Problem analysis: dockerId: 2 e8e56c5bf8a2e4a5c5ef824f1323d44f2194b9ffbb4336d579bd0ff435a2f98 view 54-9 host kernel log dmesg as follows,

[7600330.400352] the Memory cgroup statsfor/kubepods.slice/kubepods-pod9df61518_c02a_11e9_9694_246e967d5d94.slice/docker-2e8e56c5bf8a2e4a5c5ef824f1323d44f2194b9ffb b4336d579bd0ff435a2f98.scope: cache:0KB rss :66947340KB rss_huge:11945984KB shmem:0KB mapped_file:0KB dirty:0KB writeback:2508KB swap:0KB Inactive_anon :0KB active_anON :66949060KB Inactive_file :0KB Active_file :4KB unevictable:0KB 4397 [7600330.400359] Tasks state (memory valuesinpages): 4398 [7600330.400359] [PID] UID TGID total_VM RSS PGtables_bytes SWapents oom_score_adj name 4399 [7600330.400665] [ 26635] 0 26635 255 1 28672 0-998 pause 4400 [7600330.400668] [26792] 0 26792 5522 2561 86016 0-998 bash 4401 [7600330.400677] [26971] 0 26971 9650443 28076 1048576 0-998 Java 4402 [7600330.400679] [27038] 0 27038 5513 2523 77824 0-998 bash 4403 [7600330.400680] [27044] 0 27044 5515 2554 81920 0-998 bash 4404 [7600330.400683] [27136] 0 27136 21533 1321 217088 0-998 SU 4405 [7600330.400685] [27137] 1000 27137 4982 2516 81920 0-998 bash 4406 [7600330.400687] [27220] 1000 27220 17824362 16715656 134701056 0-998 Python 4407 [7600330.400753] oom-kill:constraint=CONSTRAINT_NONE,nodemask=(null),cpuset=docker-2e8e56c5bf8a2e4a5c5ef824f1323d44f2194b9ffbb4336d579bd0 ff435a2f98.scope,mems_allowed=0-1,oom_memcg=/kubepods.slice/kubepod s-pod9df61518_c02a_11e9_9694_246e967d5d94.slice,task_memcg=/kubepods.slice/kubepods-pod9df61518_c02a_11e9_9694_246e967d5 d94.slice/docker-2e8e56c5bf8a2e4a5c5ef824f1323d44f2194b9ffbb4336d579bd0ff435a2f98.sc ope,task=python,pid=27220,uid=1000 4408 [7600330.400758] Memory cgroup out of Memory: Kill process 27220 (Python) Score 0 or sacrifice childCopy the code

You can see that the cache requested by the user process is 0, and the RSS is over 70 gb.
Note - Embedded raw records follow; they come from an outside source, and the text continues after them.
text \<open>The set X0 is either empty or consists of v itself; in the latter case
  v must have no neighbour in B, which compensates for A having only n-3 elements.  The
  complement is referred to as the blue graph.\<close>
locale hub_setting =
  fixes G :: "'a graph" and n :: nat and v :: 'a and A X0 :: "'a set"
  assumes simple: "simple_graph G" and n: "12 \<le> n" and order: "2 * n - 7 \<le> card (fst G)"
    and v: "v \<in> fst G" and A: "A \<subseteq> nbhd G v" "n - 3 \<le> card A" "card A \<le> n - 2"
    and X0: "X0 \<subseteq> {v}" "n - 2 \<le> card A + card X0"
    and X0_blue: "\<And>b w. b \<in> fst G - {v} - A \<Longrightarrow> w \<in> X0 \<Longrightarrow> {b, w} \<notin> snd G"
begin

definition B :: "'a set" where
  "B = fst G - {v} - A"

lemma finite_vertices: "finite (fst G)"
  using simple by (simp add: simple_graph_def)

lemma A_vertices: "A \<subseteq> fst G" and v_notin_A: "v \<notin> A"
  using A(1) nbhd_subset[of G v] nbhd_irrefl[OF simple, of v] by auto

lemma finite_A: "finite A" and finite_B: "finite B"
  using A_vertices finite_vertices finite_subset by (auto simp: B_def)

lemma finite_X0: "finite X0"
  using X0(1) finite_subset by blast

lemma B_vertices: "B \<subseteq> fst G" and disjoint: "A \<inter> B = {}" "X0 \<inter> A = {}" "X0 \<inter> B = {}"
  using X0(1) v_notin_A by (auto simp: B_def)

lemma card_B: "n - 6 \<le> card B"
proof -
  have "card B = card (fst G - {v}) - card A"
    unfolding B_def using A_vertices v_notin_A finite_A by (intro card_Diff_subset) auto
  then show ?thesis using order A(3) v finite_vertices by simp
qed

lemma red_from_v: "a \<in> A \<Longrightarrow> {v, a} \<in> snd G"
  using A(1) nbhd_iff[OF simple] by blast

lemma blue_across:
  assumes "x \<in> A \<union> X0" "b \<in> B"
  shows "x \<in> nbhd (complement G) b \<longleftrightarrow> {x, b} \<notin> snd G"
    and "b \<in> nbhd (complement G) x \<longleftrightarrow> {x, b} \<notin> snd G"
proof -
  have "x \<in> fst G" "b \<in> fst G" "x \<noteq> b"
    using assms A_vertices B_vertices X0(1) v disjoint by auto
  then show "x \<in> nbhd (complement G) b \<longleftrightarrow> {x, b} \<notin> snd G"
    and "b \<in> nbhd (complement G) x \<longleftrightarrow> {x, b} \<notin> snd G"
    by (auto simp: nbhd_complement_iff insert_commute)
qed

lemma X0_blue_to_B:
  assumes b: "b \<in> B"
  shows "X0 \<subseteq> nbhd (complement G) b"
proof
  fix w assume w: "w \<in> X0"
  have "{b, w} \<notin> snd G" using X0_blue b w unfolding B_def by blast
  then show "w \<in> nbhd (complement G) b" using blue_across(1)[of w b] w b by (simp add: insert_commute)
qed

text \<open>If two disjoint edges join A to B, then v is the centre of a T_n^1 in G.  Otherwise
  all edges between A and B meet a0 or b0, so a vertex b of B other than b0 is joined in
  blue to all of (A - {a0}) \<union> X0, and the vertices of A - {a0} are joined in blue to all
  of B - {b, b0}; hence b is a blue centre of both trees.\<close>
lemma tree1_or_blue_trees:
  "contains G (tree1 n) \<or> (contains (complement G) (tree1 n) \<and> contains (complement G) (tree2 n))"
proof (cases "\<exists>a1\<in>A. \<exists>a2\<in>A. \<exists>b1\<in>B. \<exists>b2\<in>B.
    a1 \<noteq> a2 \<and> b1 \<noteq> b2 \<and> {a1, b1} \<in> snd G \<and> {a2, b2} \<in> snd G")
  case True
  then obtain a1 a2 b1 b2 where m: "a1 \<in> A" "a2 \<in> A" "a1 \<noteq> a2" "b1 \<in> B" "b2 \<in> B" "b1 \<noteq> b2"
    "{a1, b1} \<in> snd G" "{a2, b2} \<in> snd G" by blast
  have "contains G (tree1 n)"
  proof (rule contains_tree1[OF simple _ red_from_v red_from_v m(7,8)])
    show "5 \<le> n" using n by simp
    show "v \<noteq> b1" "v \<noteq> b2" "a1 \<noteq> b2" "a2 \<noteq> b1" using m disjoint by (auto simp: B_def)
    show "A - {a1, a2} \<subseteq> nbhd G v - {a1, a2, b1, b2}" using A(1) m disjoint by auto
    show "n - 5 \<le> card (A - {a1, a2})" using A(2) m finite_A by (simp add: card_Diff_subset)
  qed (use m in auto)
  then show ?thesis ..
next
  case False
  then obtain a0 b0 where cover: "\<And>a b. a \<in> A \<Longrightarrow> b \<in> B \<Longrightarrow> {a, b} \<in> snd G \<Longrightarrow> a = a0 \<or> b = b0"
    using intersecting_edges_form_star[of A B "\<lambda>a b. {a, b} \<in> snd G"] by metis
  have "2 \<le> card B" using card_B n by simp
  then obtain b where b: "b \<in> B" "b \<noteq> b0" by (metis obtain_two_distinct)
  have "2 \<le> card (A - {a0})"
    using A(2) n finite_A by (cases "a0 \<in> A") (simp_all add: card_Diff_singleton)
  then obtain p q where pq: "p \<in> A - {a0}" "q \<in> A - {a0}" "p \<noteq> q" by (rule obtain_two_distinct)
  define Y where "Y = B - {b, b0}"
  have "card B - card {b, b0} \<le> card Y"
    unfolding Y_def by (rule diff_card_le_card_Diff) simp
  moreover have "card {b, b0} \<le> 2" by (simp add: card_insert_le_m1)
  ultimately have "2 \<le> card Y" using card_B n by linarith
  moreover have "nbhd (complement G) x \<inter> Y = Y" if "x \<in> A - {a0}" for x
    using that cover blue_across(2) unfolding Y_def by blast
  ultimately have "contains (complement G) (tree1 n) \<and> contains (complement G) (tree2 n)"
  proof (intro both_trees_from_hub[OF simple_complement[OF simple], of n "(A - {a0}) \<union> X0" b Y p q])
    show "(A - {a0}) \<union> X0 \<subseteq> nbhd (complement G) b"
      using cover b blue_across(1) X0_blue_to_B by blast
    have "card ((A - {a0}) \<union> X0) = card (A - {a0}) + card X0"
      using disjoint finite_A X0(1) by (intro card_Un_disjoint) (auto simp: finite_subset)
    then show "n - 3 \<le> card ((A - {a0}) \<union> X0)"
      using X0(2) finite_A by (cases "a0 \<in> A") (simp_all add: card_Diff_singleton)
  qed (use n pq disjoint b in \<open>auto simp: Y_def\<close>)
  then show ?thesis ..
qed

text \<open>If some vertex of A has two neighbours in B, then v is the centre of a T_n^2 in G.
  Otherwise double counting yields b in B with at most one neighbour in A; then b is joined
  in blue to at least n-3 vertices of A \<union> X0, each vertex of A has at most one neighbour in
  B - {b}, and b is a blue centre of both trees.\<close>
lemma tree2_or_blue_trees:
  "contains G (tree2 n) \<or> (contains (complement G) (tree1 n) \<and> contains (complement G) (tree2 n))"
proof (cases "\<exists>a\<in>A. \<exists>x1\<in>B. \<exists>x2\<in>B. x1 \<noteq> x2 \<and> {a, x1} \<in> snd G \<and> {a, x2} \<in> snd G")
  case True
  then obtain a x1 x2 where m: "a \<in> A" "x1 \<in> B" "x2 \<in> B" "x1 \<noteq> x2"
    "{a, x1} \<in> snd G" "{a, x2} \<in> snd G" by blast
  have "contains G (tree2 n)"
  proof (rule contains_tree2[OF simple _ red_from_v[OF m(1)] m(5,6)])
    show "5 \<le> n" using n by simp
    show "v \<noteq> x1" "v \<noteq> x2" "x1 \<noteq> x2" using m by (auto simp: B_def)
    show "A - {a} \<subseteq> nbhd G v - {a, x1, x2}" using A(1) m disjoint by auto
    show "n - 4 \<le> card (A - {a})" using A(2) m finite_A by simp
  qed
  then show ?thesis ..
next
  case False
  define red where "red a = {b\<in>B. {a, b} \<in> snd G}" for a
  have sparse: "\<forall>a\<in>A. card (red a) \<le> 1"
  proof (rule ballI, rule ccontr)
    fix a assume "a \<in> A" "\<not> card (red a) \<le> 1"
    then have "2 \<le> card (red a)" by simp
    then obtain x1 x2 where "x1 \<in> red a" "x2 \<in> red a" "x1 \<noteq> x2"
      by (rule obtain_two_distinct)
    then show False using False \<open>a \<in> A\<close> unfolding red_def by blast
  qed
  have "card A < 2 * card B" using A(3) card_B n by linarith
  then obtain b where b: "b \<in> B" "card {a\<in>A. {a, b} \<in> snd G} \<le> 1"
    using sparse_side_vertex[OF finite_A finite_B, of "\<lambda>a b. {a, b} \<in> snd G"] sparse
    unfolding red_def by blast
  define R where "R = {a\<in>A. {a, b} \<in> snd G}"
  define X where "X = (A - R) \<union> X0"
  define Y where "Y = B - {b}"
  have "card A - card R \<le> card (A - R)"
    by (rule diff_card_le_card_Diff) (use finite_A in \<open>simp add: R_def\<close>)
  then have card_A_R: "card A - 1 \<le> card (A - R)" using b(2) unfolding R_def by linarith
  have "card X = card (A - R) + card X0"
    unfolding X_def using finite_A finite_X0 disjoint by (intro card_Un_disjoint) auto
  then have card_X: "n - 3 \<le> card X" using card_A_R X0(2) by linarith
  have "2 \<le> card (A - R)" using card_A_R A(2) n by linarith
  then obtain p q where pq: "p \<in> A - R" "q \<in> A - R" "p \<noteq> q" by (rule obtain_two_distinct)
  have card_Y: "n - 7 \<le> card Y" using card_B finite_B b(1) unfolding Y_def by simp
  have blue_into_Y: "2 \<le> card (nbhd (complement G) x \<inter> Y)" if x: "x \<in> A" for x
  proof -
    have "Y - red x \<subseteq> nbhd (complement G) x \<inter> Y"
      using x blue_across(2) unfolding Y_def red_def by auto
    then have "card (Y - red x) \<le> card (nbhd (complement G) x \<inter> Y)"
      using finite_B by (intro card_mono) (auto simp: Y_def)
    moreover have "card Y - card (red x) \<le> card (Y - red x)"
      using finite_B by (intro diff_card_le_card_Diff) (simp add: red_def)
    ultimately show ?thesis using sparse x card_Y n by fastforce
  qed
  have "contains (complement G) (tree1 n) \<and> contains (complement G) (tree2 n)"
  proof (rule both_trees_from_hub[OF simple_complement[OF simple], of n X b Y p q])
    show "n - 3 \<le> card X" "p \<noteq> q" by (fact card_X, fact pq(3))
    show "p \<in> X" "q \<in> X" using pq(1,2) unfolding X_def by auto
    show "X \<subseteq> nbhd (complement G) b"
      using blue_across(1) b(1) X0_blue_to_B unfolding X_def R_def by blast
    show "X \<inter> Y = {}" "b \<notin> Y" using disjoint unfolding X_def Y_def by auto
    show "2 \<le> card (nbhd (complement G) p \<inter> Y)" "2 \<le> card (nbhd (complement G) q \<inter> Y)"
      using blue_into_Y pq by auto
  qed (use n in simp)
  then show ?thesis ..
qed

end

lemma tree_or_cotree_at_large_degree:
  assumes G: "simple_graph G" and n: "12 \<le> n" and order: "2 * n - 7 \<le> card (fst G)"
    and v: "v \<in> fst G" and deg: "n - 3 \<le> card (nbhd G v)" and ij: "i \<in> {1, 2}" "j \<in> {1, 2}"
  shows "contains G (tree n i) \<or> contains (complement G) (tree n j)"
proof -
  obtain A X0 where "hub_setting G n v A X0"
  proof (cases "card (nbhd G v) = n - 3")
    case True
    have "hub_setting G n v (nbhd G v) {v}"
    proof
      show "{b, w} \<notin> snd G" if "b \<in> fst G - {v} - nbhd G v" "w \<in> {v}" for b w
        using that nbhd_iff[OF G, of b v] by (auto simp: insert_commute)
    qed (use G n order v True in auto)
    then show ?thesis by (rule that)
  next
    case False
    then have "n - 2 \<le> card (nbhd G v)" using deg by linarith
    then obtain A where "A \<subseteq> nbhd G v" "card A = n - 2" by (meson obtain_subset_with_card_n)
    then have "hub_setting G n v A {}" by unfold_locales (use G n order v in auto)
    then show ?thesis by (rule that)
  qed
  then interpret hub_setting G n v A X0 .
  show ?thesis using tree1_or_blue_trees tree2_or_blue_trees ij by (auto simp: tree_def)
qed

text \<open>The same with the large degree in either colour, using that complementation is an
  involution.\<close>
lemma tree_or_cotree_at_vertex:
  assumes G: "simple_graph G" and n: "12 \<le> n" and order: "2 * n - 7 \<le> card (fst G)"
    and v: "v \<in> fst G" and ij: "i \<in> {1, 2}" "j \<in> {1, 2}"
    and deg: "n - 3 \<le> card (nbhd G v) \<or> n - 3 \<le> card (nbhd (complement G) v)"
  shows "contains G (tree n i) \<or> contains (complement G) (tree n j)"
  using deg
proof
  assume "n - 3 \<le> card (nbhd G v)"
  then show ?thesis by (rule tree_or_cotree_at_large_degree[OF G n order v _ ij])
next
  assume "n - 3 \<le> card (nbhd (complement G) v)"
  then have "contains (complement G) (tree n j) \<or> contains (complement (complement G)) (tree n i)"
    using tree_or_cotree_at_large_degree[OF simple_complement[OF G] n _ _ _ ij(2,1)] order v by simp
  then show ?thesis using complement_complement[OF G] by auto
qed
Therefore, the memory space requested by the user code is really large, and the user needs to check the code or increase the memory requested.

Solution:

  1. Change the Prometheus memory monitoring item to container_memory_working_set_bytes or display both cache and working memory instead of useg_memory

  2. User OOM problem

    A. You are advised to check the code, o&M, and kernel logs to comprehensively analyze the cause.

    B. Consider disabling cGroup oom Killer. When the kernel cannot allocate enough memory to a process, it pauses the process until it has free memory and then continues.